4 Natural History of the Degenerative Cascade
KEY POINTS
Natural History of the Degenerative Cascade
The degenerative process encompasses every element of the spine: the ligamentous structures, facet joints, intervertebral discs, endplates, and vertebral bodies. Changes occur in a sequential fashion on a multitude of levels, including the gross visual level, the radiographic level, the biomechanical level, and the biochemical level. Unfortunately, the changes seen in the normal aging spine are very similar to the changes seen in the pathologic and symptomatic spine. Hence, it becomes extremely difficult to differentiate the symptomatic conditions from the manifestations of a normal aging spine. It is only after understanding the normal changes associated with aging that we may be able to identify some of the pathologic changes.

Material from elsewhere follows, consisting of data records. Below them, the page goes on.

lemma mem_image_if_mem_closure_prefix_boxes:
  fixes F :: "(nat \<Rightarrow> 'a::euclidean_space) set" and G :: "(nat \<Rightarrow> 'a) \<Rightarrow> 'b::metric_space"
  assumes F: "closed F" and G: "continuous_on F G"
    and y: "\<And>n. y \<in> closure (G ` (F \<inter> prefix_box r n))"
  shows "y \<in> G ` F"
proof -
  have "\<forall>n. \<exists>\<sigma>. \<sigma> \<in> F \<inter> prefix_box r n \<and> dist (G \<sigma>) y < inverse (real (Suc n))"
  proof
    fix n
    have "inverse (real (Suc n)) > 0"
      by simp
    with y[of n] show "\<exists>\<sigma>. \<sigma> \<in> F \<inter> prefix_box r n \<and> dist (G \<sigma>) y < inverse (real (Suc n))"
      unfolding closure_approachable by blast
  qed
  then obtain s where s: "\<And>n. s n \<in> F \<inter> prefix_box r n"
    and close: "\<And>n. dist (G (s n)) y < inverse (real (Suc n))"
    by metis
  have "s n \<in> prefix_box r n" for n
    using s by blast
  then obtain l q where q: "strict_mono q" and lim_s: "(s \<circ> q) \<longlonglongrightarrow> l"
    by (rule prefix_box_subseq_convergent)
  have "l \<in> F"
    using s by (intro Lim_in_closed_set[OF F _ _ lim_s]) auto
  then have "(\<lambda>j. G ((s \<circ> q) j)) \<longlonglongrightarrow> G l"
    using s by (intro continuous_on_tendsto_compose[OF G lim_s]) auto
  moreover have "(\<lambda>j. G ((s \<circ> q) j)) \<longlonglongrightarrow> y"
  proof -
    have "norm (dist (G (s n)) y) \<le> inverse (real (Suc n))" for n
      using close[of n] by simp
    then have "(\<lambda>n. dist (G (s n)) y) \<longlonglongrightarrow> 0"
      by (intro Lim_null_comparison[OF always_eventually LIMSEQ_inverse_real_of_nat] allI)
    then have "(\<lambda>n. G (s n)) \<longlonglongrightarrow> y"
      by (rule tendsto_dist_iff[THEN iffD2])
    from LIMSEQ_subseq_LIMSEQ[OF this q] show ?thesis
      by (simp add: comp_def)
  qed
  ultimately have "y = G l"
    using LIMSEQ_unique by blast
  with \<open>l \<in> F\<close> show ?thesis
    by blast
qed

lemma outer_measure_of_gt_prefix_box_Suc:
  fixes G :: "(nat \<Rightarrow> 'a::real_normed_vector) \<Rightarrow> 'b::euclidean_space"
  assumes "c < outer_measure_of lebesgue (G ` (F \<inter> prefix_box r n))"
  shows "\<exists>j. c < outer_measure_of lebesgue (G ` (F \<inter> prefix_box (r(n := j)) (Suc n)))"
proof -
  let ?A = "\<lambda>j. G ` (F \<inter> prefix_box (r(n := j)) (Suc n))"
  have "incseq ?A"
    by (auto simp: incseq_def prefix_box_Suc)
  moreover have "(\<Union>j. ?A j) = G ` (F \<inter> prefix_box r n)"
  proof
    show "G ` (F \<inter> prefix_box r n) \<subseteq> (\<Union>j. ?A j)"
    proof
      fix z assume "z \<in> G ` (F \<inter> prefix_box r n)"
      then obtain \<sigma> where "\<sigma> \<in> F \<inter> prefix_box r n" "z = G \<sigma>"
        by blast
      moreover obtain j :: nat where "norm (\<sigma> n) \<le> real j"
        using real_arch_simple by blast
      ultimately show "z \<in> (\<Union>j. ?A j)"
        by (auto simp: prefix_box_Suc)
    qed
  qed (auto simp: prefix_box_Suc)
  ultimately have "(SUP j. outer_measure_of lebesgue (?A j))
      = outer_measure_of lebesgue (G ` (F \<inter> prefix_box r n))"
    by (simp add: SUP_outer_measure_of_incseq)
  with assms have "c < (SUP j. outer_measure_of lebesgue (?A j))"
    by simp
  then show ?thesis
    by (simp add: less_SUP_iff)
qed

text \<open>Bounds on the coordinates are chosen one at a time, each keeping the outer measure above
  \<open>c\<close>; this works because outer measure is continuous along increasing sequences.\<close>
lemma ex_prefix_box_bounds_outer_measure_gt:
  fixes G :: "(nat \<Rightarrow> 'a::real_normed_vector) \<Rightarrow> 'b::euclidean_space"
  assumes c: "c < outer_measure_of lebesgue (G ` F)"
  shows "\<exists>r. \<forall>n. c < outer_measure_of lebesgue (G ` (F \<inter> prefix_box r n))"
proof -
  define P where "P n r \<longleftrightarrow> c < outer_measure_of lebesgue (G ` (F \<inter> prefix_box r n))" for n r
  have "\<exists>R. \<forall>n. P n (R n) \<and> R (Suc n) = (R n)(n := R (Suc n) n)"
  proof (rule dependent_nat_choice)
    show "\<exists>r. P 0 r"
      using c by (simp add: P_def)
  next
    fix r n assume "P n r"
    then obtain j where "P (Suc n) (r(n := j))"
      unfolding P_def by (metis outer_measure_of_gt_prefix_box_Suc)
    then show "\<exists>r'. P (Suc n) r' \<and> r' = r(n := r' n)"
      by (intro exI[of _ "r(n := j)"]) simp
  qed
  then obtain R where R: "\<And>n. P n (R n)" "\<And>n. R (Suc n) = (R n)(n := R (Suc n) n)"
    by blast
  define r where "r i = R (Suc i) i" for i
  have R_eq_r: "R n i = r i" if "i < n" for n i
    using that
  proof (induction n)
    case (Suc n)
    show ?case
    proof (cases "i = n")
      case False
      then have "R (Suc n) i = R n i"
        using R(2)[of n] by (metis fun_upd_other)
      with False Suc show ?thesis
        by simp
    qed (simp add: r_def)
  qed simp
  have "c < outer_measure_of lebesgue (G ` (F \<inter> prefix_box r n))" for n
    using R(1)[of n] by (simp add: P_def prefix_box_cong[OF R_eq_r])
  then show ?thesis
    by blast
qed

lemma closed_subset_continuous_image_emeasure_ge:
  fixes F :: "(nat \<Rightarrow> 'a::euclidean_space) set" and G :: "(nat \<Rightarrow> 'a) \<Rightarrow> 'b::euclidean_space"
  assumes F: "closed F" and G: "continuous_on F G" and bounded: "bounded (G ` F)"
    and c: "c < outer_measure_of lebesgue (G ` F)"
  obtains K where "closed K" "K \<subseteq> G ` F" "c \<le> emeasure lebesgue K"
proof -
  obtain r where r: "\<And>n. c < outer_measure_of lebesgue (G ` (F \<inter> prefix_box r n))"
    using ex_prefix_box_bounds_outer_measure_gt[OF c] by blast
  define D where "D n = closure (G ` (F \<inter> prefix_box r n))" for n
  have D_sets: "D n \<in> sets lebesgue" for n
    by (simp add: D_def borel_closed)
  have c_le_D: "c \<le> emeasure lebesgue (D n)" for n
  proof -
    have "c < outer_measure_of lebesgue (G ` (F \<inter> prefix_box r n))"
      by (rule r)
    also have "\<dots> \<le> outer_measure_of lebesgue (D n)"
      unfolding D_def by (rule outer_measure_of_mono[OF closure_subset])
    finally show ?thesis
      using D_sets by simp
  qed
  define K where "K = (\<Inter>n. D n)"
  have "closed K"
    by (simp add: K_def D_def closed_INT)
  moreover have "K \<subseteq> G ` F"
  proof
    fix y assume "y \<in> K"
    then show "y \<in> G ` F"
      by (intro mem_image_if_mem_closure_prefix_boxes[OF F G, of y r]) (auto simp: K_def D_def)
  qed
  moreover have "emeasure lebesgue K = (INF n. emeasure lebesgue (D n))"
    unfolding K_def
  proof (rule INF_emeasure_decseq'[symmetric])
    show "decseq D"
      unfolding decseq_def D_def
      by (intro allI impI closure_mono image_mono Int_mono order_refl prefix_box_antimono)
    have "emeasure lborel (D 0) < \<infinity>"
      using bounded by (intro emeasure_bounded_finite) (simp add: D_def bounded_closure)
    then show "\<exists>i. emeasure lebesgue (D i) \<noteq> \<infinity>"
      by (intro exI[of _ 0]) (simp add: D_def borel_closed)
  qed (rule D_sets)
  then have "c \<le> emeasure lebesgue K"
    using c_le_D by (simp add: le_INF_iff)
  ultimately show ?thesis
    by (rule that)
qed

lemma lmeasurable_hull:
  fixes S :: "'a::euclidean_space set"
  assumes "bounded S"
  obtains U where "U \<in> lmeasurable" "S \<subseteq> U" "emeasure lebesgue U = outer_measure_of lebesgue S"
proof -
  obtain U where U: "U \<in> sets lebesgue" "S \<subseteq> U" "emeasure lebesgue U = outer_measure_of lebesgue S"
    using outer_measure_of_attain[of S lebesgue] by auto
  obtain x \<rho> where "S \<subseteq> cball x \<rho>"
    using assms unfolding bounded_subset_cball by metis
  then have "outer_measure_of lebesgue S \<le> outer_measure_of lebesgue (cball x \<rho>)"
    by (rule outer_measure_of_mono)
  also have "\<dots> < \<infinity>"
    using lmeasurable_cball[of x \<rho>] by (simp add: fmeasurable_def)
  finally have "U \<in> lmeasurable"
    using U by (intro fmeasurableI) auto
  with U show ?thesis
    by (intro that) auto
qed

lemma sets_lebesgue_bounded_continuous_image:
  fixes F :: "(nat \<Rightarrow> 'a::euclidean_space) set" and G :: "(nat \<Rightarrow> 'a) \<Rightarrow> 'b::euclidean_space"
  assumes F: "closed F" and G: "continuous_on F G" and bounded: "bounded (G ` F)"
  shows "G ` F \<in> sets lebesgue"
proof -
  obtain U where U_lmeasurable: "U \<in> lmeasurable" and U: "G ` F \<subseteq> U"
    "emeasure lebesgue U = outer_measure_of lebesgue (G ` F)"
    using bounded by (rule lmeasurable_hull)
  have "G ` F \<in> lmeasurable"
  proof (subst completion.fmeasurable_inner_outer, intro allI impI)
    fix e :: real assume "e > 0"
    show "\<exists>T\<in>lmeasurable. \<exists>V\<in>lmeasurable. T \<subseteq> G ` F \<and> G ` F \<subseteq> V
        \<and> \<bar>measure lebesgue T - measure lebesgue V\<bar> < e"
    proof (cases "measure lebesgue U < e")
      case True
      then show ?thesis
        using U(1) U_lmeasurable by (intro bexI[of _ "{}"] bexI[of _ U]) auto
    next
      case False
      have "ennreal (measure lebesgue U - e / 2) < ennreal (measure lebesgue U)"
        using False \<open>e > 0\<close> by (intro ennreal_lessI) auto
      also have "\<dots> = outer_measure_of lebesgue (G ` F)"
        using U(2) U_lmeasurable by (simp add: emeasure_eq_measure2)
      finally obtain K where K: "closed K" "K \<subseteq> G ` F"
        "ennreal (measure lebesgue U - e / 2) \<le> emeasure lebesgue K"
        by (rule closed_subset_continuous_image_emeasure_ge[OF F G bounded])
      have K_lmeasurable: "K \<in> lmeasurable"
        using K(1,2) bounded
        by (intro bounded_set_imp_lmeasurable) (auto intro: bounded_subset simp: borel_closed)
      have "measure lebesgue U - e / 2 \<le> measure lebesgue K"
        using K(3) K_lmeasurable by (simp add: emeasure_eq_measure2)
      moreover have "measure lebesgue K \<le> measure lebesgue U"
        using K(2) U(1) K_lmeasurable U_lmeasurable by (intro measure_mono_fmeasurable) auto
      ultimately show ?thesis
        using K(2) U(1) K_lmeasurable U_lmeasurable \<open>e > 0\<close>
        by (intro bexI[of _ K] bexI[of _ U]) auto
    qed
  qed
  then show ?thesis
    by (rule fmeasurableD)
qed

lemma analytic_sets_lebesgue:
  fixes S :: "'a::euclidean_space set"
  assumes "analytic S"
  shows "S \<in> sets lebesgue"
proof -
  obtain F :: "(nat \<Rightarrow> 'a) set" and G where F: "closed F" "continuous_on F G" "S = G ` F"
    using assms by (rule analyticE)
  define F' where "F' n = F \<inter> G -` cball 0 (real n)" for n
  have "G ` F' n \<in> sets lebesgue" for n
  proof (rule sets_lebesgue_bounded_continuous_image)
    show "closed (F' n)"
      unfolding F'_def by (rule continuous_closed_preimage[OF F(2,1) closed_cball])
    show "continuous_on (F' n) G"
      by (rule continuous_on_subset[OF F(2)]) (auto simp: F'_def)
    show "bounded (G ` F' n)"
      by (rule bounded_subset[OF bounded_cball]) (auto simp: F'_def)
  qed
  moreover have "S = (\<Union>n. G ` F' n)"
  proof
    show "S \<subseteq> (\<Union>n. G ` F' n)"
    proof
      fix y assume "y \<in> S"
      then obtain \<sigma> where "\<sigma> \<in> F" "y = G \<sigma>"
        using F(3) by blast
      moreover obtain n :: nat where "norm (G \<sigma>) \<le> real n"
        using real_arch_simple by blast
      ultimately have "\<sigma> \<in> F' n" "y = G \<sigma>"
        by (auto simp: F'_def)
      then show "y \<in> (\<Union>n. G ` F' n)"
        by blast
    qed
  qed (auto simp: F'_def F(3))
  ultimately show ?thesis
    by simp
qed

theorem lemma4p5:
  fixes A :: "'a::euclidean_space set"
  assumes "A \<in> sets (borel :: 'a measure)"
  shows "measure gaussian_measure {a - b | a b. a \<in> A \<and> b \<in> A}
           \<ge> (measure gaussian_measure A) ^ 4"
proof -
  interpret prob_space gaussian_measure
    by (rule prob_space_gaussian_measure)
  let ?D = "{a - b | a b. a \<in> A \<and> b \<in> A}"
  have "?D \<in> sets lebesgue"
    using assms by (intro analytic_sets_lebesgue analytic_set_differences analytic_sets_borel)
  with assms have "emeasure gaussian_measure A ^ 2 \<le> emeasure gaussian_measure ?D"
    by (rule gaussian_measure_square_le_difference_set)
  then have "measure gaussian_measure A ^ 2 \<le> measure gaussian_measure ?D"
    by (simp add: emeasure_eq_measure ennreal_power)
  moreover have "measure gaussian_measure A ^ 4 \<le> measure gaussian_measure A ^ 2"
    by (intro power_decreasing) auto
  ultimately show ?thesis
    by simp
qed

end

The natural history of degenerative disc disease has been studied for many years. Lees and Turner, in 1963, followed 51 patients with cervical radiculopathy for 19 years and found that 25% had worsening of the symptoms, 45% had no recurrence, and 30% had what they classified as mild symptoms.1 Nurick studied the nonsurgical treatment of 36 patients with cervical myelopathy over 20 years.2 Sixty-six percent of the patients who presented with early symptoms did not progress, and approximately 66% of patients with moderate to severe symptoms did not progress either. The patients who progressed tended to be the younger patients.
Anatomy and General Mechanisms of Pain
In order to understand the degenerative cascade of the spine, it is of paramount importance to understand the normal function of the different structures and how they interrelate with each other. The facet joints are designed to bear approximately 10% to 30% of the load in the lumbar spine, depending on the patient’s position. The articular cartilage that bears such loads is supported by the subchondral bone. The subchondral bone also serves to provide nutrition to the articular cartilage. The facet joints are diarthrodial synovial joints that have a capsule. The capsules together with the ligaments constrain joint motion. The medial and anterior capsule is formed by a lateral extension of the ligamentum flavum. The capsules and ligaments are innervated by primary articular branches from larger peripheral nerves and accessory articular nerves. Such nerves consist of both proprioceptive and nociceptive fibers. They are monitored by the central nervous system, and may perceive excessive joint motion (potentially due to instability or an injury) as a noxious stimulus and mediate a muscular reflex to counteract such excursions. Nociceptive free nerve endings and mechanoreceptors have been isolated in the human facet capsules and synovium. Such nerve endings may perceive chemical stimuli or mechanical stimuli such as instability, trauma, or capsular distention as noxious stimuli. Joint effusions, commonly seen on MRIs, may prevent such reflexes due to capsular distention, similar to a distended knee joint and absent patellar reflex. Substance P, a pain-related neuropeptide, has been identified in synovium. Higher concentrations have been found in arthritic joints. Additionally, capsular free nerve endings have been found to become sensitized in arthritic joints. This has caused otherwise dormant nerve endings to become reactive to motion that was perceived as normal in nonarthritic conditions.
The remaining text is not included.